Today in my Digital Culture class we discussed the idea of Cultural Lag which is defined as:
a condition of strain or maladjustment produced by the lagging of one of two corelating parts of culture behind the other. (Schneider, 1945)
An example of this would be privacy laws around data protection on the internet being passed years after the founding of the internet. The culture of privacy has lagged behind the culture of the internet.
Governments are trying to fix this lag with laws like the General Data Protection Regulation (GDPR) which was purposed in January 2012 (Voss, 2012) but took until 2018 to take effect. In taking 6 years to come into effect the lag has grown between what people and companies have been doing to protect user’s privacy and what the law says they should be doing.
Until 2018 anything that a company did was mostly up to them and their own business ethics. Now everyone is being held to a similar level of account. The questions now are, is the law accurate for the times? Is the law feasible? Is the law accomplishable? I attended a training recently for school leaders and one of the takeaways I had is that teachers need to ask if you can really access what they want to access in the way that they have planned to access it. In other words, will that assessment type actually access the skills, knowledge or understanding that you think it accesses?
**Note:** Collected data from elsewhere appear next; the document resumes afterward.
lemma weighted_residual_scaleR:
  assumes "L > 0" "\<forall>k. 0 \<le> l $ k"
  shows "weighted_residual A p D (L *\<^sub>R l) = L powr p * (L powr D)\<^sup>2 * weighted_residual A p D l"
  unfolding weighted_residual_def vpowr_scaleR[OF assms] sum_distrib_left
  using assms by (intro sum.cong) (auto simp: matrix_vector_mult_scaleR powr_mult power_mult_distrib)

lemma compact_continuous_ratio_bound:
  fixes F G :: "'a::topological_space \<Rightarrow> real"
  assumes "compact K" "continuous_on K F" "continuous_on K G" "\<forall>x\<in>K. 0 < F x"
  obtains C where "C > 0" "\<forall>x\<in>K. C * G x \<le> F x"
proof (cases "K = {}")
  case True
  then show ?thesis using that[of 1] by simp
next
  case False
  obtain x1 where x1: "x1 \<in> K" "\<forall>x\<in>K. F x1 \<le> F x"
    using continuous_attains_inf[OF assms(1) False assms(2)] by blast
  obtain x2 where x2: "\<forall>x\<in>K. G x \<le> G x2"
    using continuous_attains_sup[OF assms(1) False assms(3)] by blast
  define C where "C = F x1 / (\<bar>G x2\<bar> + 1)"
  have "C > 0" using x1 assms(4) by (simp add: C_def)
  moreover have "C * G x \<le> F x" if "x \<in> K" for x
  proof -
    have "C * G x \<le> C * (\<bar>G x2\<bar> + 1)"
      using x2 that \<open>C > 0\<close> by (intro mult_left_mono) force+
    also have "\<dots> = F x1" by (simp add: C_def)
    also have "\<dots> \<le> F x" using x1(2) that by blast
    finally show ?thesis .
  qed
  ultimately show ?thesis using that by blast
qed

lemma minimally_degenerate_residual_nonzero:
  fixes A :: "real^'j::finite^'j"
  assumes md: "minimally_degenerate A"
    and cpos: "\<forall>i. 0 < c$i" and cnorm: "norm c = 1"
    and ker: "{v. A *v v = 0} = range (\<lambda>t. t *\<^sub>R c)"
    and nonneg: "\<forall>k. 0 \<le> v$k" and vi: "v$i = 1" and vj: "j \<noteq> i" "0 < v$j"
    and small: "v$k < c$k"
  shows "\<exists>s. 0 < v$s \<and> (A *v v)$s \<noteq> 0"
proof (rule ccontr)
  assume "\<not> ?thesis"
  then have balanced: "(A *v v)$s = 0" if "0 < v$s" for s using that by blast
  have "0 < v$s" for s
    using minimally_degenerate_full_support[OF md nonneg balanced vj(1)[symmetric]] vi vj(2) by simp
  then have "A *v v = 0" using balanced by (simp add: vec_eq_iff)
  then obtain t where t: "v = t *\<^sub>R c" using ker by blast
  have ci: "0 < c$i" "c$i \<le> 1"
    using cpos component_le_norm_cart[of c i] cnorm by auto
  have "1 \<le> t"
  proof (rule ccontr)
    assume "\<not> 1 \<le> t"
    then have "t * c$i < 1 * c$i" using ci by (intro mult_strict_right_mono) auto
    moreover have "t * c$i = 1" using vi by (simp add: t)
    ultimately show False using ci(2) by linarith
  qed
  then have "1 * c$k \<le> t * c$k" using cpos by (intro mult_right_mono) (auto simp: less_imp_le)
  then show False using small by (simp add: t)
qed

lemma weighted_residual_pos:
  fixes A :: "real^'j::finite^'j"
  assumes md: "minimally_degenerate A"
    and cpos: "\<forall>i. 0 < c$i" and cnorm: "norm c = 1"
    and ker: "{v. A *v v = 0} = range (\<lambda>t. t *\<^sub>R c)"
    and l: "\<forall>k. 0 \<le> l$k" "l$i = 1" "j \<noteq> i" "0 < l$j" and small: "l$k powr D < c$k"
  shows "0 < weighted_residual A p D l"
proof -
  obtain s where s: "0 < vpowr l D $ s" "(A *v vpowr l D) $ s \<noteq> 0"
    using minimally_degenerate_residual_nonzero[OF md cpos cnorm ker, of "vpowr l D" i j k] l small
    by (auto simp: vpowr_def)
  then have "0 < l$s" using l(1) by (auto simp: vpowr_def less_eq_real_def)
  then show ?thesis
    unfolding weighted_residual_def using s by (intro sum_pos2[of _ s]) auto
qed

lemma weighted_residual_lower_bound_normalized:
  fixes A :: "real^'j::finite^'j"
  assumes md: "minimally_degenerate A"
    and cpos: "\<forall>i. 0 < c$i" and cnorm: "norm c = 1"
    and ker: "{v. A *v v = 0} = range (\<lambda>t. t *\<^sub>R c)"
    and p: "p > 0" and D: "D > 0" and \<delta>: "\<delta> > 0"
  obtains C where "C > 0"
    "\<And>l i j. \<forall>k. 0 \<le> l$k \<and> l$k \<le> 1 \<Longrightarrow> l$i = 1 \<Longrightarrow> j \<noteq> i \<Longrightarrow> \<delta> \<le> l$j \<Longrightarrow>
      C * (norm (A *v vpowr l D))\<^sup>2 \<le> weighted_residual A p D l"
proof -
  define F where "F = weighted_residual A p D"
  define G where "G = (\<lambda>l. (norm (A *v vpowr l D))\<^sup>2)"
  define m where "m = Min (range (\<lambda>k. c$k))"
  have "m \<in> range (\<lambda>k. c$k)" unfolding m_def by (rule Min_in) auto
  then have m: "0 < m" using cpos by auto
  have m_le: "m \<le> c$k" for k unfolding m_def by (rule Min_le) auto
  \<comment> \<open>below level e an entry of l^D is too small for l^D to be a multiple of c\<close>
  define e where "e = (m/2) powr (1/D)"
  have e: "0 < e" "e powr D = m/2" using m D by (simp_all add: e_def powr_powr)
  define K where "K = {l::real^'j. (\<forall>k. 0 \<le> l$k \<and> l$k \<le> 1)
    \<and> (\<exists>i j. j \<noteq> i \<and> l$i = 1 \<and> \<delta> \<le> l$j) \<and> (\<exists>k. l$k \<le> e)}"
  have nonneg_K: "K \<subseteq> {l. \<forall>k. 0 \<le> l$k}" by (auto simp: K_def)
  have "K \<subseteq> cbox (vec 0) (vec 1)" by (auto simp: K_def mem_box_cart)
  then have "bounded K" by (rule bounded_subset[OF bounded_cbox])
  moreover have "closed K" unfolding K_def
    by (intro closed_Collect_conj closed_Collect_all closed_Collect_ex_finite closed_Collect_le
        closed_Collect_eq closed_Collect_imp open_Collect_neg closed_Collect_const
        continuous_on_component continuous_on_id continuous_on_const)
  ultimately have "compact K" by (simp add: compact_eq_bounded_closed)
  have cont_Av: "continuous_on K (\<lambda>l. A *v vpowr l D)"
    by (rule continuous_on_compose2[OF linear_continuous_on[OF matrix_vector_mul_bounded_linear]
        continuous_on_subset[OF continuous_on_vpowr[OF D] nonneg_K]]) auto
  have "continuous_on K F" unfolding F_def weighted_residual_def
    by (intro continuous_on_sum continuous_on_mult continuous_on_power continuous_on_component cont_Av
        continuous_on_powr' continuous_on_id continuous_on_const) (use nonneg_K p in auto)
  moreover have "continuous_on K G" unfolding G_def
    by (intro continuous_on_power continuous_on_norm cont_Av)
  moreover have "\<forall>l\<in>K. 0 < F l"
  proof
    fix l assume "l \<in> K"
    then obtain i j k where l: "\<forall>k. 0 \<le> l$k \<and> l$k \<le> 1" "l$i = 1" "j \<noteq> i" "\<delta> \<le> l$j" "l$k \<le> e"
      unfolding K_def by blast
    have "l$k powr D \<le> e powr D" using l(1,5) D by (intro powr_mono2) auto
    also have "\<dots> < c$k" using e(2) m m_le[of k] by simp
    finally show "0 < F l"
      unfolding F_def using l \<delta> by (intro weighted_residual_pos[OF md cpos cnorm ker]) auto
  qed
  ultimately obtain C0 where C0: "C0 > 0" "\<forall>l\<in>K. C0 * G l \<le> F l"
    using compact_continuous_ratio_bound[OF \<open>compact K\<close>] by blast
  define C where "C = min (e powr p) C0"
  have "C * G l \<le> F l" if l: "\<forall>k. 0 \<le> l$k \<and> l$k \<le> 1" "l$i = 1" "j \<noteq> i" "\<delta> \<le> l$j" for l i j
  proof (cases "\<exists>k. l$k \<le> e")
    case True
    then have "l \<in> K" using l unfolding K_def by blast
    have "C * G l \<le> C0 * G l" unfolding C_def G_def by (intro mult_right_mono) auto
    also have "\<dots> \<le> F l" using C0(2) \<open>l \<in> K\<close> by blast
    finally show ?thesis .
  next
    case False
    have "C * G l \<le> e powr p * G l" unfolding C_def G_def by (intro mult_right_mono) auto
    also have "\<dots> \<le> F l"
      unfolding F_def G_def using False e(1) p
      by (intro weighted_residual_ge_lower_weight) (auto simp: not_le less_imp_le)
    finally show ?thesis .
  qed
  moreover have "C > 0" using e(1) C0(1) by (simp add: C_def)
  ultimately show ?thesis using that unfolding F_def G_def by blast
qed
I wonder if GDPR is truly able to do what it wants to do in the way it wants to do it or will it end up becoming so unmanageable and unreasonable that companies will be unable to function within the regulations.
I also wonder if GDPR is someone taking away the personal responsibility a user has to protect themselves online. Users have been told for years how their data will be used, but how many of them actually took the time to read the user agreement before clicking “accept”? As a person in a school who is responsible for creating student accounts, I do take the time to read them. Even before GDPR come into action many companies clearly stated how they used data and what data they collected. You simply had to read and make a decision for yourself.
The problem comes when people say but I have to click “agree” to use the service and I “want” the service but I don’t want them doing … with my data. Well, then you don’t use the service. You can’t have it both ways. The company clearly states (yes not always) how they use your data. Your “wants” are not the companies responsibilities.
I have had to tell teachers repeatedly that they can’t have a program/app because it doesn’t meet with guidelines acceptable for use with students. Their response is but it does exactly what we want and we won’t put any personal information in. Sorry but not allowed. And yes sometimes those companies only put restrictions in so that they don’t have to deal with the legal issues, but “thems the breaks”.
I also think that topics like GDPR help give rise to scare tactics. “See there are all of these bad companies out there trying to sell your data and you are going to have trouble with your privacy from this”. Data being sold is not a new issue. My mom receives magazines all of the time that she never ordered. Someone sells her address to a subscription company, they send her a couple of magazines and then a “You’ve had a few copies, now try a subscription” notice or even worse a “Your subscription is about to run out” when she doesn’t even have one notice.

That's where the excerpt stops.